Stored data
====

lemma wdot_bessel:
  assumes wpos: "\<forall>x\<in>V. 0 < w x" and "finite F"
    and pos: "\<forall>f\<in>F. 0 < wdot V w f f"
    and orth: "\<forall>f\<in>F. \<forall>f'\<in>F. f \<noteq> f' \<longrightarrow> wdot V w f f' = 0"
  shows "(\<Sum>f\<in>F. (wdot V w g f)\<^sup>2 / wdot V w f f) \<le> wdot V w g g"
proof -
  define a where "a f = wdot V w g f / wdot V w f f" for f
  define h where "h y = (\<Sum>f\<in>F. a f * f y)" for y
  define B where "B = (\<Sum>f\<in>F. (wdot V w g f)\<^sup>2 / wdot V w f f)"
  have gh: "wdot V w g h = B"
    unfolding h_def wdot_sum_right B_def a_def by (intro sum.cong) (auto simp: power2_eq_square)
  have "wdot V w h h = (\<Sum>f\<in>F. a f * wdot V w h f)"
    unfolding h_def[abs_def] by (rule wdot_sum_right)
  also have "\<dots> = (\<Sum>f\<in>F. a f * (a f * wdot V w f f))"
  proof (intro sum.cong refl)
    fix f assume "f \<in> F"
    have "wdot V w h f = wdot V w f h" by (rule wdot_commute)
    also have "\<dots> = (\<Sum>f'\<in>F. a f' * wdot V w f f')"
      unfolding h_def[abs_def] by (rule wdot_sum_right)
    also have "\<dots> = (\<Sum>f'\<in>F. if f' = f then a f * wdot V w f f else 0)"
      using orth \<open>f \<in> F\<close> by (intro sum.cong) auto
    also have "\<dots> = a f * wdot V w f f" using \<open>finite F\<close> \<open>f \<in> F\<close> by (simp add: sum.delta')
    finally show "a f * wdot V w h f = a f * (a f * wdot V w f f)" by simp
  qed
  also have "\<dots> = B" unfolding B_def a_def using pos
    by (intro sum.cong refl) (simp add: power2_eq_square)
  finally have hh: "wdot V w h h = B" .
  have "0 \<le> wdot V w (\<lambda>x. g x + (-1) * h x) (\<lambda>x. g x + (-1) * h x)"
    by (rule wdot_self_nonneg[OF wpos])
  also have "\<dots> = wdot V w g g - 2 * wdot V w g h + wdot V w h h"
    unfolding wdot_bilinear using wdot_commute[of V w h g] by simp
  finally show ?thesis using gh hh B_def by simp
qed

====

- **EXERCISE**
Go through the data and count every line where the word "cong" appears. Give only that count.

- **WRITTEN REPLY**
4